Augusto de Campos inicia sua prática tradutória em conjunto com poetas do 
movimento concretista, como seu irmão, Haroldo de Campos e Décio Pignatari, 
tendo como uma de suas principais inspirações Ezra Pound, chegando a apontá-lo 
como um modelo de tradutor criativo e moderno, assim traduzindo para o português 
poetas que considerava impactantes, criativos e revolucionários, os quais seriam 
convenientes a seu gosto. Em 2008, lança Emily Dickinson: não sou ninguém, 
reunindo quarenta e cinco traduções da poetisa e apontando particularidades dos 
poemas tratados. 
Nicolas Pelicioni, estudioso na área de Teoria e Estudos Literários, 
desenvolve um trabalho de Doutorado em Letras pela UNESP, campus de São João 
do Rio Preto, além de possuir um blog literário criado no intuito de discutir temáticas 
diversas, expor trabalhos desenvolvidos ou que fundamentem pesquisas 
acadêmicas, incluindo também o trabalho com línguas estrangeiras. No ano de 
2016, postou a sua tradução para o poema I felt a Funeral, in my Brain, de Emily 
Dickinson, destacando a sua proposta tradutória como uma “molecagem”. Pelicioni 
também analisa e discute a respeito de prosa, realizando discussões bastante 
pertinentes em sua página virtual. 
A seguir, analisaremos as traduções de ambos. 
 
Análise Comparativa das Traduções de Campos e Pelicioni 
O caráter deste trabalho não se configura como qualitativo, a fim de apontar 
a melhor tradução proposta entre os dois tradutores. No entanto, cabe aqui o dever 
de discutir as estratégias utilizadas no momento de versão da língua inglesa para a 
língua portuguesa, as escolhas realizadas em função da forma, métrica, rima e 
conteúdo, além de debater a respeito de como esses processos revelam a 
intencionalidade dos tradutores e sua influência na construção de sentido. 

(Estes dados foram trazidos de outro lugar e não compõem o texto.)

lemma card_unmatched_tight_bound:
  assumes "graph V E" "kernel \<epsilon> c V E KE T S" "matching KE M"
    and no_short: "\<And>p. augmenting_path KE M p \<Longrightarrow> 5 \<le> length p - 1"
  shows "real (card (T - \<Union>M)) * ((1 - \<epsilon>) * c) \<le> real (card M) * ((1 + \<epsilon>) * c)"
proof -
  define U where "U = T - \<Union>M"
  define A where "A x = card {u \<in> U. {u, x} \<in> KE}" for x
  have KE: "KE \<subseteq> E" "M \<subseteq> KE" using assms(2,3) by (auto simp: kernel_def matching_def)
  have "finite V" using assms(1) by (simp add: graph_def)
  moreover have "U \<subseteq> V" using assms(2) by (auto simp: U_def kernel_def)
  moreover have "\<Union>M \<subseteq> V" using KE assms(1) by (auto elim: graph_edgeE)
  ultimately have finite: "finite U" "finite (\<Union>M)" by (auto intro: finite_subset)
  have "(\<Sum>u\<in>U. card {x \<in> \<Union>M. {u, x} \<in> KE}) = (\<Sum>x\<in>\<Union>M. A x)"
    unfolding A_def by (rule sum_multicount_gen[OF finite]) simp
  also have "\<dots> = (\<Sum>e\<in>M. \<Sum>x\<in>e. A x)"
    using assms(3) finite(2) by (subst sum.Union_disjoint) (auto simp: matching_def intro: finite_subset)
  finally have double_count: "(\<Sum>u\<in>U. card {x \<in> \<Union>M. {u, x} \<in> KE}) = (\<Sum>e\<in>M. \<Sum>x\<in>e. A x)" .
  have "real (card U) * ((1 - \<epsilon>) * c) \<le> (\<Sum>u\<in>U. real (card (friends KE V u)))"
    using assms(2) by (intro sum_bounded_below) (auto simp: U_def kernel_def)
  also have "\<dots> = (\<Sum>e\<in>M. real (\<Sum>x\<in>e. A x))"
    using friends_of_unmatched_are_matched[where M = M, OF assms(1) KE(1) _ no_short] double_count
    by (simp add: U_def flip: of_nat_sum)
  also have "\<dots> \<le> (\<Sum>e\<in>M. (1 + \<epsilon>) * c)"
    unfolding A_def using \<open>U \<subseteq> V\<close>
    by (intro sum_mono unmatched_friends_of_matching_edge[OF assms]) (auto simp: U_def)
  finally show ?thesis by (simp add: U_def mult.commute)
qed

lemma le_one_plus_three_eps_mult:
  fixes x y \<epsilon> :: real
  assumes "x * (1 - \<epsilon>) \<le> y * (1 + \<epsilon>)" "0 \<le> y" "0 \<le> \<epsilon>" "\<epsilon> < 1/3"
  shows "x \<le> (1 + 3 * \<epsilon>) * y"
proof -
  have "(1 + 3 * \<epsilon>) * y * (1 - \<epsilon>) - y * (1 + \<epsilon>) = y * (\<epsilon> * (1 - 3 * \<epsilon>))"
    by (simp add: algebra_simps)
  moreover have "0 \<le> y * (\<epsilon> * (1 - 3 * \<epsilon>))" using assms(2-4) by simp
  ultimately have "y * (1 + \<epsilon>) \<le> (1 + 3 * \<epsilon>) * y * (1 - \<epsilon>)" by linarith
  with assms(1) have "x * (1 - \<epsilon>) \<le> (1 + 3 * \<epsilon>) * y * (1 - \<epsilon>)" by linarith
  with assms(4) show ?thesis by (simp add: mult_le_cancel_right)
qed

theorem theorem3p10:
  fixes V :: "'a set" and E KE M :: "'a set set" and T S :: "'a set" and c \<epsilon> :: real
  assumes "graph V E"
    and "c \<ge> 1" and "0 \<le> \<epsilon>" and "\<epsilon> < 1/3"
    and "kernel \<epsilon> c V E KE T S"
    and "matching KE M"
    and "\<And>p. augmenting_path KE M p \<Longrightarrow> length p - 1 \<ge> 5"
  shows "real (max_matching_size E) \<le> (3 + 3 * \<epsilon>) * real (card M)"
proof -
  obtain N where N: "matching E N" "max_matching_size E = card N"
    using assms(1) by (rule max_matching_size_obtain)
  have "matching E M" using assms(5,6) by (auto simp: kernel_def matching_def)
  then have matched: "card (\<Union>M) \<le> 2 * card M"
    using assms(1) by (intro card_matched_vertices_le)
  have "(real (card (T - \<Union>M)) * (1 - \<epsilon>)) * c \<le> (real (card M) * (1 + \<epsilon>)) * c"
    using card_unmatched_tight_bound[OF assms(1,5,6,7)] by (simp add: mult.assoc)
  then have unmatched: "real (card (T - \<Union>M)) \<le> (1 + 3 * \<epsilon>) * real (card M)"
    using assms(2-4) by (intro le_one_plus_three_eps_mult) (simp_all add: mult_le_cancel_right)
  have "finite V" "\<Union>M \<union> T \<subseteq> V"
    using assms(1,5) \<open>matching E M\<close> by (auto simp: graph_def kernel_def matching_def elim: graph_edgeE)
  then have "card N \<le> card (\<Union>M \<union> T)"
    using N(1) matched_or_tight_vertex_cover[OF assms(1,5,7)]
    by (intro matching_card_le_vertex_cover) (auto simp: matching_def intro: finite_subset)
  also have "\<dots> \<le> card (\<Union>M) + card (T - \<Union>M)" by (metis Un_Diff_cancel card_Un_le)
  finally have "real (max_matching_size E) \<le> 2 * real (card M) + (1 + 3 * \<epsilon>) * real (card M)"
    using N(2) matched unmatched by linarith
  then show ?thesis by (simp add: algebra_simps)
qed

O poema escolhido não possui título, assim como os demais poemas 
escritos por Emily Dickinson. Desta forma, adotaremos o verso inicial, “I felt a 
Funeral, in my Brain”, visto que é a forma mais buscada e veiculada do poema 
durante o ato de pesquisa. 
Iniciamos a análise com a transcrição do poema. 
 
I felt a Funeral, in my Brain, 
And Mourners to and fro 
Kept treading - treading – till it seemed 
That Sense was breaking through – 
 
And when they all were seated, 
A Service, like a Drum – 
Kept beating – beating – till I thought 
My mind was going numb – 
 
And then I heard them lift a Box 
And creak across my Soul 
With those same Boots of Lead, again, 
Then Space - began to toll, 
 
As all the Heavens were a Bell, 
And Being, but an Ear, 
And I, and Silence, some strange Race, 
Wrecked, solitary, here – 
 
And then a Plank in Reason, broke, 
And I dropped down, and down – 
And hit a World, at every plunge, 
And Finished knowing – then – 
 
De maneira forte e tocante, Dickinson utiliza em seu poema a metáfora de 
um funeral para relatar a perda da consciência do eu-lírico, que passa a experienciar 
um estado de insanidade. A seguir, temos a análise da primeira estrofe. 
 
 
Inicialmente, observa-se algumas escolhas inusitadas já no primeiro verso. 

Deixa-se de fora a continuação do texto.